(Beginning of Data under study)

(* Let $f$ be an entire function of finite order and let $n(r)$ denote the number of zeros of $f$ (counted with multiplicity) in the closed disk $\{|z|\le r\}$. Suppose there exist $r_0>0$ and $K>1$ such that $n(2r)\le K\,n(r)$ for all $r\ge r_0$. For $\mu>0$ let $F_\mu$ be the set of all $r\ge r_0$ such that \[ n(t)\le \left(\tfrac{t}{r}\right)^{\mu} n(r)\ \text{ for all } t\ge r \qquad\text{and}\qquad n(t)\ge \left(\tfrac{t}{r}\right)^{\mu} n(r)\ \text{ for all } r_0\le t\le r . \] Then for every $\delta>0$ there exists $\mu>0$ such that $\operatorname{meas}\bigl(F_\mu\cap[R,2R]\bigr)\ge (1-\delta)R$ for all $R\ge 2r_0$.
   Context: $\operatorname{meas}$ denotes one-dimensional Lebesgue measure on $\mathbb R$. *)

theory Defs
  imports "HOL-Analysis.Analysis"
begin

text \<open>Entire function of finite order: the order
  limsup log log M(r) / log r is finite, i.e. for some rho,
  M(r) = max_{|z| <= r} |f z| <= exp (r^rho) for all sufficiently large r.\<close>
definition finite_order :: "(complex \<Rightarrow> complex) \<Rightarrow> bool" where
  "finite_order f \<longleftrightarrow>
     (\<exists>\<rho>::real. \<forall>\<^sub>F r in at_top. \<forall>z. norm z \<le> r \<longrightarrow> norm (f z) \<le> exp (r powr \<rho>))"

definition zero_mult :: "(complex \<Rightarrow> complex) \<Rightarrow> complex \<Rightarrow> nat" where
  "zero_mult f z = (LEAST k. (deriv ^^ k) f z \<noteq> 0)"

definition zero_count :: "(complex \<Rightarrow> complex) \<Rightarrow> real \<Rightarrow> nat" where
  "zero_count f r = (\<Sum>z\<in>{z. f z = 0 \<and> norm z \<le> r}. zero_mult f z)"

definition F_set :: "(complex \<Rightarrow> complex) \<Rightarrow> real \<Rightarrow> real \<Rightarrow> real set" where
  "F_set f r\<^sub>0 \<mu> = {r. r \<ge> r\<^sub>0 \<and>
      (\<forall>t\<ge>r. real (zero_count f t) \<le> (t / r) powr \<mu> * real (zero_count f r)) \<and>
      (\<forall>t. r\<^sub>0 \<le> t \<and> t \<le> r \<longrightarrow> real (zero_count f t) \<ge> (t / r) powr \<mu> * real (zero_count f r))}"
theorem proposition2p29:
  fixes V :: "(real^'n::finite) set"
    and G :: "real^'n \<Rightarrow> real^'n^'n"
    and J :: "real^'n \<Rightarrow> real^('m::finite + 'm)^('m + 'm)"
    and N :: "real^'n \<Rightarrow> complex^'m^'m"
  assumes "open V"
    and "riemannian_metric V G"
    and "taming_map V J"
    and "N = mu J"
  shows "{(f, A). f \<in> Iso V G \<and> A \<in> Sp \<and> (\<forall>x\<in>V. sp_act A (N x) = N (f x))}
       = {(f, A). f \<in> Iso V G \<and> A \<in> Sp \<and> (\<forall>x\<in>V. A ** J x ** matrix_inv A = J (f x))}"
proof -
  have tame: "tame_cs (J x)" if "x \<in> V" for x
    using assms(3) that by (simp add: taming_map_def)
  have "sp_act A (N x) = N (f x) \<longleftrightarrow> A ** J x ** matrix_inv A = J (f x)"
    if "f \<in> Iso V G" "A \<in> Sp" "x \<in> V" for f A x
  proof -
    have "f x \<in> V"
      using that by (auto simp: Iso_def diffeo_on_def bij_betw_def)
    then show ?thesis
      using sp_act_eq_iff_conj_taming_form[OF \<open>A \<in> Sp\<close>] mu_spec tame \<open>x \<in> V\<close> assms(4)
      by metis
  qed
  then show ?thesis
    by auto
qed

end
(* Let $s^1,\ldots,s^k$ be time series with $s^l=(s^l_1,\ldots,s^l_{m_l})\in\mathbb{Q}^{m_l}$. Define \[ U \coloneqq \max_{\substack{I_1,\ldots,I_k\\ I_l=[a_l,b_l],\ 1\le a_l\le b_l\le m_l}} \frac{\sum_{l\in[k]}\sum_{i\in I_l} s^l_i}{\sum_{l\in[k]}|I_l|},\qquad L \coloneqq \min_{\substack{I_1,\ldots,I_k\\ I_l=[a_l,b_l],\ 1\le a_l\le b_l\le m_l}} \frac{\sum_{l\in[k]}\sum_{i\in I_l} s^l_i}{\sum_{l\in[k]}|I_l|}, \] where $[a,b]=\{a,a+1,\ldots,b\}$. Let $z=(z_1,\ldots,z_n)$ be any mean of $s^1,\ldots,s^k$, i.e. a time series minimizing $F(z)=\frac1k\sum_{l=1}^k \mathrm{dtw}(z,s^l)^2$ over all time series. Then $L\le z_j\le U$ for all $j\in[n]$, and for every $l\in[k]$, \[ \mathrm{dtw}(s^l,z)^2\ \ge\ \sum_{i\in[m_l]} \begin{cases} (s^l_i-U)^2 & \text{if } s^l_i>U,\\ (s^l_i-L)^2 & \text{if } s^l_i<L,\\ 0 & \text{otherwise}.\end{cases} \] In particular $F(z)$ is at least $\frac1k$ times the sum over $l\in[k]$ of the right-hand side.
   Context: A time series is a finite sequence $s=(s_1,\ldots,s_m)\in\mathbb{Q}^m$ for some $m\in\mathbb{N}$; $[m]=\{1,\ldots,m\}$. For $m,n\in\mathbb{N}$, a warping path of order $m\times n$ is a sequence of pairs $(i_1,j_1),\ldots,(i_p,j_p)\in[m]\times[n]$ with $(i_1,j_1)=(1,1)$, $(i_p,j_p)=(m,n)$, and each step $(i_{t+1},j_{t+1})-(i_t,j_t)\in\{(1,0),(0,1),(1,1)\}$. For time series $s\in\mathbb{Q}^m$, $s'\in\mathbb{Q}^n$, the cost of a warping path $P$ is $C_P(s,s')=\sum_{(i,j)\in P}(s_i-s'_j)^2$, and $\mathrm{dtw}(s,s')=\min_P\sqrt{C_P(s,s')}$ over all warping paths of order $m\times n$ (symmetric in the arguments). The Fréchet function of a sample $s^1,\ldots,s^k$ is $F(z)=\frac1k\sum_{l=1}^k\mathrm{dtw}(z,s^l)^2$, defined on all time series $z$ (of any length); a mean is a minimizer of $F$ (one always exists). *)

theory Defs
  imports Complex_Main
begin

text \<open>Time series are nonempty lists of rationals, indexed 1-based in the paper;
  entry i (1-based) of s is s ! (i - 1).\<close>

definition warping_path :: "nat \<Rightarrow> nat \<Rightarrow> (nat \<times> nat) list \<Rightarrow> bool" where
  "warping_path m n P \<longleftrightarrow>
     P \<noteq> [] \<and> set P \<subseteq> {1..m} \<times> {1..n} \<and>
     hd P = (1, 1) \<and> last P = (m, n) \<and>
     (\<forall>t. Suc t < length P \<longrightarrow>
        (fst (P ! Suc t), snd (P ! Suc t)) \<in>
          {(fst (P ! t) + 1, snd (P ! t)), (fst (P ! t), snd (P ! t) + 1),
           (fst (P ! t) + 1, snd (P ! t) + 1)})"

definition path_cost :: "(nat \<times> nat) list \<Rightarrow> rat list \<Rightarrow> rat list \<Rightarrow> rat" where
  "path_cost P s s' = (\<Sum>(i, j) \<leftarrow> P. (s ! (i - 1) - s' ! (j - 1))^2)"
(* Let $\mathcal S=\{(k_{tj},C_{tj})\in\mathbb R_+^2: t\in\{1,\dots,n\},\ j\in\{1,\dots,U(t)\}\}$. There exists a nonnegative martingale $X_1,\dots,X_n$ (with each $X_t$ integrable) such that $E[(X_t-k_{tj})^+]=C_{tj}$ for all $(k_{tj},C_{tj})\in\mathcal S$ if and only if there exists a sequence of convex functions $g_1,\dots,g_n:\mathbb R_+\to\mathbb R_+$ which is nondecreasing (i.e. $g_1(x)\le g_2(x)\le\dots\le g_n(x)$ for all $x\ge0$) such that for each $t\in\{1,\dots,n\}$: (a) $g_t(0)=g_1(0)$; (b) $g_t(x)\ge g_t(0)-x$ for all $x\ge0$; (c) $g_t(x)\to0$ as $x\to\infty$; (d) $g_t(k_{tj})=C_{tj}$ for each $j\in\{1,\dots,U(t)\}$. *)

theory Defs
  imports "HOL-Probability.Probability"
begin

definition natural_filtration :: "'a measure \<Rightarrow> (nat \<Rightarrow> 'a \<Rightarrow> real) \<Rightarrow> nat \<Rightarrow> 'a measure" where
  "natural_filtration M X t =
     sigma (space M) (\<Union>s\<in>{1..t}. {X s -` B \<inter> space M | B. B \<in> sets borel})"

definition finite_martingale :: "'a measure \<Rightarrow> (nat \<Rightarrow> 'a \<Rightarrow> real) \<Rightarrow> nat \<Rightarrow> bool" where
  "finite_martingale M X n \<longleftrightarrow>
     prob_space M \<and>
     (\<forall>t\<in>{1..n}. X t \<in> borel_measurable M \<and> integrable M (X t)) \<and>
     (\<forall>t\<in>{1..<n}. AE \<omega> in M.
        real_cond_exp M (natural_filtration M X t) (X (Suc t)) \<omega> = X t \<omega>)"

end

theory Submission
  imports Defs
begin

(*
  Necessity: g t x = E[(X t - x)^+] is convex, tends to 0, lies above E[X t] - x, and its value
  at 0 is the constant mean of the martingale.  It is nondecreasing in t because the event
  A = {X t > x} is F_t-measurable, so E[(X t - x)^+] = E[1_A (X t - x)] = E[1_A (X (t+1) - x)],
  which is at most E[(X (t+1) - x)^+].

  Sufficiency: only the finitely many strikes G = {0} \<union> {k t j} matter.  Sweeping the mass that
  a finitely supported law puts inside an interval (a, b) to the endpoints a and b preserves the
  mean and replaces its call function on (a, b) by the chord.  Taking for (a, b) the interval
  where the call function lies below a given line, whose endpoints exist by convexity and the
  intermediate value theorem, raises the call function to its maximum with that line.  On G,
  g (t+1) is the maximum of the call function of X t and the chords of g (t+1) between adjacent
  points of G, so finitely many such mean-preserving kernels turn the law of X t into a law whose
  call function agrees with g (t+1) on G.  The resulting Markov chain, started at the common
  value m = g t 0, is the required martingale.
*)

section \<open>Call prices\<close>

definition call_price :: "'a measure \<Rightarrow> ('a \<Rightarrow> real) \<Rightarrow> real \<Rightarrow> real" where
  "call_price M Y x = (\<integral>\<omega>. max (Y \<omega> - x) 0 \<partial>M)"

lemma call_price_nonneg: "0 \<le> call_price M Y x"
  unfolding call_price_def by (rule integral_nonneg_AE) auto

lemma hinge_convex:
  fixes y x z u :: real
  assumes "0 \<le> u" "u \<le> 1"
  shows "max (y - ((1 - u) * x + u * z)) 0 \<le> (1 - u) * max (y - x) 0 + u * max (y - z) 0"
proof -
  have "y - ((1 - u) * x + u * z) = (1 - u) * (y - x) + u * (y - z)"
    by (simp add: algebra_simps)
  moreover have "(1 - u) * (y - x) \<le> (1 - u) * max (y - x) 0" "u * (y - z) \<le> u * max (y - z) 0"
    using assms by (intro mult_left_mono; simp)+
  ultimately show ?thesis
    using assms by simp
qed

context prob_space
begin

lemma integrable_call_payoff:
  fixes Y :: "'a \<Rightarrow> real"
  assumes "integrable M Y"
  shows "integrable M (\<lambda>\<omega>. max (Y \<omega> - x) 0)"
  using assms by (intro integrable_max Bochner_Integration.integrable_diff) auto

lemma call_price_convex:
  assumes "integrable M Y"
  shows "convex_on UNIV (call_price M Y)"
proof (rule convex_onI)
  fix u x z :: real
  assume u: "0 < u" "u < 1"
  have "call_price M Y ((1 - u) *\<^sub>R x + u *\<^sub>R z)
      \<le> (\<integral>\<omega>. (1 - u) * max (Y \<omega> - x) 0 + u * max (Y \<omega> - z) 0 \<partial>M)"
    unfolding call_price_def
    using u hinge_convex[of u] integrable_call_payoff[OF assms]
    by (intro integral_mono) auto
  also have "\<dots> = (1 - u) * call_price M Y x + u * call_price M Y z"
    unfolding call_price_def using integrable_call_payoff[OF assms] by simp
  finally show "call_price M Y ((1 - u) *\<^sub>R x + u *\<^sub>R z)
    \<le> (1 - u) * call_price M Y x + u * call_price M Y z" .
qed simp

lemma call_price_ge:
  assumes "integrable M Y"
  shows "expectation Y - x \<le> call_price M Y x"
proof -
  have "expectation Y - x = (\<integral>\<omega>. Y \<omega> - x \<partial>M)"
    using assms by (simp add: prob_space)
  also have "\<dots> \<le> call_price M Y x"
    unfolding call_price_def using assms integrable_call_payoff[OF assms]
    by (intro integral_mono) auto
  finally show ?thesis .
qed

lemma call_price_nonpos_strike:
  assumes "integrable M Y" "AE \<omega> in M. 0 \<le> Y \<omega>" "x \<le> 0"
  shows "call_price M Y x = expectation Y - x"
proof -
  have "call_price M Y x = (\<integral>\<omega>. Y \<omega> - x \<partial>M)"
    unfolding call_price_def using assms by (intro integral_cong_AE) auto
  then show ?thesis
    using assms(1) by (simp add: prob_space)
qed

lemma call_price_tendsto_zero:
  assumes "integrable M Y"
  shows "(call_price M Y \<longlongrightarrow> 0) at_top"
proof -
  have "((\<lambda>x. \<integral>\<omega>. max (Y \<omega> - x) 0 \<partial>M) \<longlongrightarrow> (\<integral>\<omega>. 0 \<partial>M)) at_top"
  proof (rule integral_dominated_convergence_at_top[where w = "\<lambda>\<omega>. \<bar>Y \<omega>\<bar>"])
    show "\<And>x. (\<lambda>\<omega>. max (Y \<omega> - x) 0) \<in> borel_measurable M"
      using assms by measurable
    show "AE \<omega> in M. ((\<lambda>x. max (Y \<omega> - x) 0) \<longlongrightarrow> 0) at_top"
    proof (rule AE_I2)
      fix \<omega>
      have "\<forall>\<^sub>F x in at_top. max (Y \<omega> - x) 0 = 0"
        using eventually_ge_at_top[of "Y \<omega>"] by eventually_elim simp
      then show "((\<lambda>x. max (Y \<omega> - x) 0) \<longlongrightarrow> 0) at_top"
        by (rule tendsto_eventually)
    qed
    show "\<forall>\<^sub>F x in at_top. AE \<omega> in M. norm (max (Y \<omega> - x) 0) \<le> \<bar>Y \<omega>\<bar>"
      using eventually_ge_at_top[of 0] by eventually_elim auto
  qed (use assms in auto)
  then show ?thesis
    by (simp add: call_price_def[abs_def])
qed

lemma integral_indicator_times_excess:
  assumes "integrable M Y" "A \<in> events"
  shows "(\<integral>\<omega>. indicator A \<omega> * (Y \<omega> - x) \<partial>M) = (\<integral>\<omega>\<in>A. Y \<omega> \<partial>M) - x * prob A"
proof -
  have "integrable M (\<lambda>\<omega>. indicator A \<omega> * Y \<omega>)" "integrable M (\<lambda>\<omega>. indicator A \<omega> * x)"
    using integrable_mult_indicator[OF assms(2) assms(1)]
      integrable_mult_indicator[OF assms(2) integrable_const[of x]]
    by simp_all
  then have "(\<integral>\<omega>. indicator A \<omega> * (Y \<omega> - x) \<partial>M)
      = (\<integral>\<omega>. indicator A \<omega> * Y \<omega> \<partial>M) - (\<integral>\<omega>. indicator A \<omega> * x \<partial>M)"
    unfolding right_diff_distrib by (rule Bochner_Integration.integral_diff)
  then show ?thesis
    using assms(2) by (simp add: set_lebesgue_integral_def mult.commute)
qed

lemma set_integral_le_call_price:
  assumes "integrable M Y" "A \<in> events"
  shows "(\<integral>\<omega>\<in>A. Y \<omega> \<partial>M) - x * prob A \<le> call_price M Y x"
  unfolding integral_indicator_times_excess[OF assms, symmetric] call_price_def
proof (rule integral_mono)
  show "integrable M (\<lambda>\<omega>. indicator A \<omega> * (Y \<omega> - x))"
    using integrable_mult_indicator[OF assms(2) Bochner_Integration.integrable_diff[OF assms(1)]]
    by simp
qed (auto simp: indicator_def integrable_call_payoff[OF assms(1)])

(End of Data under study)

__What to work on__:
From the line that has "complex) \<Rightarrow> complex" through the line that has "real \<Rightarrow> real \<Rightarrow>", copy every line exactly as it appears above, and leave out all others.

__Written answer__:
definition zero_mult :: "(complex \<Rightarrow> complex) \<Rightarrow> complex \<Rightarrow> nat" where
  "zero_mult f z = (LEAST k. (deriv ^^ k) f z \<noteq> 0)"

definition zero_count :: "(complex \<Rightarrow> complex) \<Rightarrow> real \<Rightarrow> nat" where
  "zero_count f r = (\<Sum>z\<in>{z. f z = 0 \<and> norm z \<le> r}. zero_mult f z)"

definition F_set :: "(complex \<Rightarrow> complex) \<Rightarrow> real \<Rightarrow> real \<Rightarrow> real set" where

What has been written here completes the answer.